Saturday, March 12, 2016

Transitions and Marketing

This week marked my husband's last week working as a high school math teacher. He's been pretty unhappy lately - with the content he was teaching, the students who didn't put in any effort to learn, and the increasingly frustrating policies (from his district specifically and the state of Michigan in general) stunting teacher growth, experimentation, respect, and yes, even pay.

Thankfully, he was able to find new employment. Though he is sad to leave his current students in the middle of a school year, everyone has been pretty great and understanding toward him - from his students and their parents, to his fellow teachers, and the administration. They all know it's been tough for teachers lately, and don't blame him for finding something new.

Starting on Monday, then, he will begin a new career as an actuarial analyst at AAA. I'm excited for him for many reasons. First, the obvious - it seems like it will be a less-stressful work environment for him, and comes with a significant salary increase. The hours are more reasonable, too - which means no more waking up at 5 AM. It is unlikely he'll have to bring much work home with him outside of working hours. Of course, it is also a slightly longer commute (especially since now he'll be driving with the traffic), and he'll be giving up school breaks and summer vacations - but nothing new comes without some sacrifice.

The biggest reason I'm excited for him though is because he took concrete steps to change something about his life that he wasn't happy with. So many people get stuck in jobs they dislike and just stay there, for years upon years, without even looking for other opportunities. Change is scary, and it's hard to take a risk.

I know that I personally struggle with "avoidance." If something makes me anxious, I try to ignore it, or not think about it. Instead of acknowledging it and dealing with it and seeing if there is anything I can do to change my situation for the better, I often actively repress it and go about doing what I've always done - even if it means I'm hurting myself in the long run. Of course, being aware of this tendency of mine helps; I try to be cognizant of when I'm avoiding and curb it. I try to push myself to do things outside of my comfort zone. But it's not something that comes easily to me - or to a lot of people.

Self-marketing my artwork is one of the things I struggle with most.

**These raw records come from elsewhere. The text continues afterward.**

lemma integrable_loss_axis:
  fixes y :: "real^'d^'k::finite"
  assumes lam: "lam > 0"
  shows "integrable (gauss_meas lam) (\<lambda>z. loss y (axis l 1) (m + z))"
proof (rule integrable_gauss_meas[OF lam, where n=1 and C="ln CARD('k) + 2 * norm y * (1 + norm m)"])
  show "norm (loss y (axis l 1) (m + z)) \<le> (ln CARD('k) + 2 * norm y * (1 + norm m)) * (1 + norm z) ^ 1" for z
  proof -
    have "2 * norm y * norm (m + z) \<le> 2 * norm y * ((1 + norm m) * (1 + norm z))"
      by (intro mult_left_mono norm_add_le_mult) simp
    moreover have "ln CARD('k) \<le> ln CARD('k) * (1 + norm z)"
      using mult_left_mono[of 1 "1 + norm z" "ln CARD('k)"] by simp
    moreover have "(ln CARD('k) + 2 * norm y * (1 + norm m)) * (1 + norm z)
        = ln CARD('k) * (1 + norm z) + 2 * norm y * ((1 + norm m) * (1 + norm z))"
      by (simp add: algebra_simps)
    ultimately show ?thesis
      using abs_loss_axis_le[of y l "m + z"] by simp
  qed
qed measurable

lemma DERIV_softmax_residual_coord:
  assumes "b \<noteq> c"
  shows "((\<lambda>t. (softmax (x + t *\<^sub>R coord b i) Y c - (if l = c then 1 else 0)) * Y $ j) has_real_derivative
      - (pair_prob x b c Y * Y $ i * Y $ j)) (at 0)"
proof -
  have "((\<lambda>t. softmax (x + t *\<^sub>R coord b i) Y c - (if l = c then 1 else 0)) has_real_derivative
      - (softmax x Y b * softmax x Y c * Y $ i) - 0) (at 0)"
    by (intro DERIV_diff DERIV_softmax_coord[OF assms] DERIV_const)
  from DERIV_cmult_right[OF this, of "Y $ j"] show ?thesis
    by (simp add: pair_prob_def)
qed

lemma DERIV_Phi_coord:
  fixes p :: "'k::finite \<Rightarrow> real" and mu :: "'k \<Rightarrow> real^'d"
  assumes lam: "lam > 0"
  shows "((\<lambda>t. Phi p mu lam (y + t *\<^sub>R coord c j)) has_real_derivative Phi_partial p mu lam c j y) (at 0)"
  unfolding Phi_def Phi_partial_def
proof (intro DERIV_sum DERIV_cmult)
  fix l
  let ?v = "coord c j :: real^'d^'k"
  let ?f' = "\<lambda>y z. (softmax y (mu l + z) c - (if l = c then 1 else 0)) * (mu l + z) $ j"
  have "((\<lambda>t. \<integral>z. loss (y + t *\<^sub>R ?v) (axis l 1) (mu l + z) \<partial>gauss_meas lam) has_real_derivative
      (\<integral>z. ?f' (y + 0 *\<^sub>R ?v) z \<partial>gauss_meas lam)) (at 0)"
  proof (rule DERIV_integral_dominated[where G="\<lambda>z. (1 + norm (mu l)) * (1 + norm z)"
        and f="\<lambda>t z. loss (y + t *\<^sub>R ?v) (axis l 1) (mu l + z)" and f'="\<lambda>t. ?f' (y + t *\<^sub>R ?v)"])
    show "((\<lambda>s. loss (y + s *\<^sub>R ?v) (axis l 1) (mu l + z)) has_real_derivative ?f' (y + t *\<^sub>R ?v) z) (at t)"
      for t z
      using DERIV_loss_coord
      by (rule DERIV_along_line[where f="\<lambda>y. loss y (axis l 1) (mu l + z)" and f'="\<lambda>y. ?f' y z"])
    show "integrable (gauss_meas lam) (\<lambda>z. (1 + norm (mu l)) * (1 + norm z))"
      by (rule integrable_gauss_meas[OF lam, where n=1 and C="1 + norm (mu l)"]) auto
    show "integrable (gauss_meas lam) (\<lambda>z. loss (y + 0 *\<^sub>R ?v) (axis l 1) (mu l + z))"
      using integrable_loss_axis[OF lam] by simp
    show "\<bar>?f' (y + t *\<^sub>R ?v) z\<bar> \<le> (1 + norm (mu l)) * (1 + norm z)" for t z
      by (rule abs_softmax_residual_mult_nth_le)
  qed measurable
  then show "((\<lambda>t. \<integral>z. loss (y + t *\<^sub>R ?v) (axis l 1) (mu l + z) \<partial>gauss_meas lam) has_real_derivative
      (\<integral>z. ?f' y z \<partial>gauss_meas lam)) (at 0)"
    by simp
qed

lemma DERIV_Phi_partial_coord:
  fixes p :: "'k::finite \<Rightarrow> real" and mu :: "'k \<Rightarrow> real^'d"
  assumes lam: "lam > 0" and "b \<noteq> c"
  shows "((\<lambda>t. Phi_partial p mu lam c j (x + t *\<^sub>R coord b i)) has_real_derivative
      - (\<Sum>l\<in>UNIV. p l * (\<integral>z. pair_prob x b c (mu l + z) * (mu l + z) $ i * (mu l + z) $ j \<partial>gauss_meas lam)))
      (at 0)"
proof -
  let ?v = "coord b i :: real^'d^'k"
  have "((\<lambda>t. Phi_partial p mu lam c j (x + t *\<^sub>R ?v)) has_real_derivative
      (\<Sum>l\<in>UNIV. p l * (\<integral>z. - (pair_prob x b c (mu l + z) * (mu l + z) $ i * (mu l + z) $ j) \<partial>gauss_meas lam)))
      (at 0)"
    unfolding Phi_partial_def
  proof (intro DERIV_sum DERIV_cmult)
    fix l
    let ?f = "\<lambda>y z. (softmax y (mu l + z) c - (if l = c then 1 else 0)) * (mu l + z) $ j"
    let ?f' = "\<lambda>y z. - (pair_prob y b c (mu l + z) * (mu l + z) $ i * (mu l + z) $ j)"
    have "((\<lambda>t. \<integral>z. ?f (x + t *\<^sub>R ?v) z \<partial>gauss_meas lam) has_real_derivative
        (\<integral>z. ?f' (x + 0 *\<^sub>R ?v) z \<partial>gauss_meas lam)) (at 0)"
    proof (rule DERIV_integral_dominated[where G="\<lambda>z. (1 + norm (mu l))\<^sup>2 * (1 + norm z)\<^sup>2"
          and f="\<lambda>t. ?f (x + t *\<^sub>R ?v)" and f'="\<lambda>t. ?f' (x + t *\<^sub>R ?v)"])
      show "((\<lambda>s. ?f (x + s *\<^sub>R ?v) z) has_real_derivative ?f' (x + t *\<^sub>R ?v) z) (at t)" for t z
        using DERIV_softmax_residual_coord[OF \<open>b \<noteq> c\<close>]
        by (rule DERIV_along_line[where f="\<lambda>y. ?f y z" and f'="\<lambda>y. ?f' y z"])
      show "integrable (gauss_meas lam) (?f (x + 0 *\<^sub>R ?v))"
      proof (rule integrable_gauss_meas[OF lam, where n=1 and C="1 + norm (mu l)"])
        show "norm (?f (x + 0 *\<^sub>R ?v) z) \<le> (1 + norm (mu l)) * (1 + norm z) ^ 1" for z
          using abs_softmax_residual_mult_nth_le[of "x + 0 *\<^sub>R ?v" "mu l" z c l j] by simp
      qed measurable
      show "integrable (gauss_meas lam) (\<lambda>z. (1 + norm (mu l))\<^sup>2 * (1 + norm z)\<^sup>2)"
        by (rule integrable_gauss_meas[OF lam, where n=2 and C="(1 + norm (mu l))\<^sup>2"]) auto
      show "\<bar>?f' (x + t *\<^sub>R ?v) z\<bar> \<le> (1 + norm (mu l))\<^sup>2 * (1 + norm z)\<^sup>2" for t z
        using abs_pair_prob_mult_nth_nth_le[of "x + t *\<^sub>R ?v" b c "mu l" z i j] by (simp add: mult.assoc)
    qed measurable
    then show "((\<lambda>t. \<integral>z. ?f (x + t *\<^sub>R ?v) z \<partial>gauss_meas lam) has_real_derivative
        (\<integral>z. ?f' x z \<partial>gauss_meas lam)) (at 0)"
      by simp
  qed
  then show ?thesis by (simp add: sum_negf)
qed

lemma hessian_block_nth:
  fixes p :: "'k::finite \<Rightarrow> real" and mu :: "'k \<Rightarrow> real^'d" and x :: "real^'d^'k"
  assumes lam: "lam > 0"
  shows "(- (\<Sum>l\<in>UNIV. p l *\<^sub>R (\<integral>z. hessian_integrand lam x (mu l) b c (mu l + z) \<partial>gauss_meas lam))) $ i $ j
       = - (\<Sum>l\<in>UNIV. p l * (\<integral>z. pair_prob x b c (mu l + z) * (mu l + z) $ i * (mu l + z) $ j \<partial>gauss_meas lam))"
proof -
  have "(\<integral>z. hessian_integrand lam x (mu l) b c (mu l + z) \<partial>gauss_meas lam) $ i $ j
      = (\<integral>z. pair_prob x b c (mu l + z) * (mu l + z) $ i * (mu l + z) $ j \<partial>gauss_meas lam)" for l
    using integral_nth_nth[OF integrable_hessian_integrand[OF lam, where x=x and m="mu l" and b=b and c=c]]
      integral_pair_prob_second_moment[OF lam, where x=x and m="mu l" and b=b and c=c and i=i and j=j]
    by simp
  then show ?thesis by (simp add: sum_component)
qed

lemma hessian_block_eq_low_rank_plus_identity:
  fixes p :: "'k::finite \<Rightarrow> real" and mu :: "'k \<Rightarrow> real^'d" and x :: "real^'d^'k"
  assumes lam: "lam > 0"
  shows "- (\<Sum>l\<in>UNIV. p l *\<^sub>R (\<integral>z. hessian_integrand lam x (mu l) b c (mu l + z) \<partial>gauss_meas lam))
       = - (\<Sum>l\<in>UNIV. p l *\<^sub>R (\<integral>z. hessian_low_rank lam x (mu l) b c (mu l + z) \<partial>gauss_meas lam))
         + (- (\<Sum>l\<in>UNIV. p l * (\<integral>z. pair_prob x b c (mu l + z) \<partial>gauss_meas lam)) / lam) *\<^sub>R mat 1"
proof -
  have "(\<integral>z. hessian_integrand lam x (mu l) b c (mu l + z) \<partial>gauss_meas lam)
      = (\<integral>z. hessian_low_rank lam x (mu l) b c (mu l + z) \<partial>gauss_meas lam)
        + ((\<integral>z. pair_prob x b c (mu l + z) \<partial>gauss_meas lam) / lam) *\<^sub>R mat 1" for l
  proof -
    have "integrable (gauss_meas lam) (\<lambda>z. (pair_prob x b c (mu l + z) / lam) *\<^sub>R (mat 1 :: real^'d^'d))"
      using integrable_pair_prob[OF lam] by (intro integrable_scaleR_left integrable_divide_zero)
    with integrable_hessian_low_rank[OF lam, where x=x and m="mu l" and b=b and c=c]
      integrable_pair_prob[OF lam, where x=x and m="mu l" and b=b and c=c] show ?thesis
      unfolding hessian_integrand_eq_low_rank by simp
  qed
  then show ?thesis
    by (simp add: scaleR_add_right sum.distrib scaleR_sum_left sum_divide_distrib)
qed
definition bump :: "real \<Rightarrow> real \<Rightarrow> real" where "bump r x = pos_sq (r^2 - x^2)"
definition bump_deriv :: "real \<Rightarrow> real \<Rightarrow> real" where
  "bump_deriv r x = 2 * max 0 (r^2 - x^2) * (- 2 * x)"

lemma bump_shift_has_real_derivative:
  "((\<lambda>\<tau>. bump r (\<tau> - c)) has_real_derivative bump_deriv r (t - c)) (at t)"
proof -
  have "((\<lambda>\<tau>. r^2 - (\<tau> - c)^2) has_real_derivative - 2 * (t - c)) (at t)"
    by (auto intro!: derivative_eq_intros)
  from DERIV_chain2[OF pos_sq_has_real_derivative this] show ?thesis
    by (simp add: bump_def bump_deriv_def)
qed

lemma continuous_on_bump [continuous_intros]:
  "continuous_on A f \<Longrightarrow> continuous_on A (\<lambda>x. bump r (f x))"
  unfolding bump_def pos_sq_def by (intro continuous_intros)

lemma continuous_on_bump_deriv [continuous_intros]:
  "continuous_on A f \<Longrightarrow> continuous_on A (\<lambda>x. bump_deriv r (f x))"
  unfolding bump_deriv_def by (intro continuous_intros)

lemma bump_nonneg: "0 \<le> bump r x"
  by (simp add: bump_def pos_sq_def)

lemma bump_pos_0: "0 < r \<Longrightarrow> 0 < bump r 0"
  by (simp add: bump_def pos_sq_def)

lemma bump_zero: "0 \<le> r \<Longrightarrow> r \<le> \<bar>x\<bar> \<Longrightarrow> bump r x = 0"
  using abs_le_square_iff[of r x] by (simp add: bump_def pos_sq_def)

definition bump_field :: "real \<Rightarrow> real \<Rightarrow> real \<Rightarrow> real \<Rightarrow> 3 \<Rightarrow> vec3 field" where
  "bump_field \<sigma> r s0 t0 i = (\<lambda>s t. (\<sigma> * bump r (s - s0) * bump r (t - t0)) *\<^sub>R axis i 1)"

lemma has_vector_derivative_real_scaleR:
  "(f has_real_derivative f') (at t) \<Longrightarrow> ((\<lambda>\<tau>. f \<tau> *\<^sub>R v) has_vector_derivative (f' *\<^sub>R v)) (at t)"
  unfolding has_vector_derivative_def has_field_derivative_def
  by (auto intro!: derivative_eq_intros simp: fun_eq_iff mult.commute)

lemma bump_field_has_pt:
  "((\<lambda>\<tau>. bump_field \<sigma> r s0 t0 i s \<tau>) has_vector_derivative
     (\<sigma> * bump r (s - s0) * bump_deriv r (t - t0)) *\<^sub>R axis i 1) (at t)"
  unfolding bump_field_def
  by (intro has_vector_derivative_real_scaleR DERIV_cmult bump_shift_has_real_derivative)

It feels comfortable for me to put my art up on Etsy, or post it on Instagram or Twitter or Facebook, so I do all of these things. But those things are not enough on their own. Instead of putting my art out there and waiting for people to find it, I have to work more at encouraging people to find it, at leading them to it.

One of my goals for this year is to submit my work to more exhibitions, to look at call to entries and see if any of my artwork fits what local galleries or art groups are looking for. I also want to start getting my art onto more websites - websites that do print-on-demand art prints, or other items with art printed on them - like notecards, fabric, etc.

I have been focusing a lot lately on my story because I am almost done with editing it. Once it's finished (again), I will be submitting query letters to agents and trying to get my manuscript out there. I hope to then also have more time to work on getting my artwork in more places, as well.

As far as transitions go, however, I have another big job transition to mention - my own. I met with the communications department of Temple Israel in West Bloomfield this week to discuss working for them part-time on a temporary basis (the next eight weeks or so) while they catch up on a lot of design projects that need immediate attention. Someone I used to work with at EMU's Campus Life works there now and thought of me when they started realizing how swamped they were and how nice it would be to bring in another designer. It's always so rewarding to be remembered! I will forever be appreciative of the people who have contacted me about opportunities - especially since I'm so often neglectful of seeking any out.

It'll be nice to have regular projects to work on (and a regular paycheck) for a while. I think this will be good for me, and still provide me with enough time to work on wrapping up my manuscript edits and doing what I want to with my personal artwork.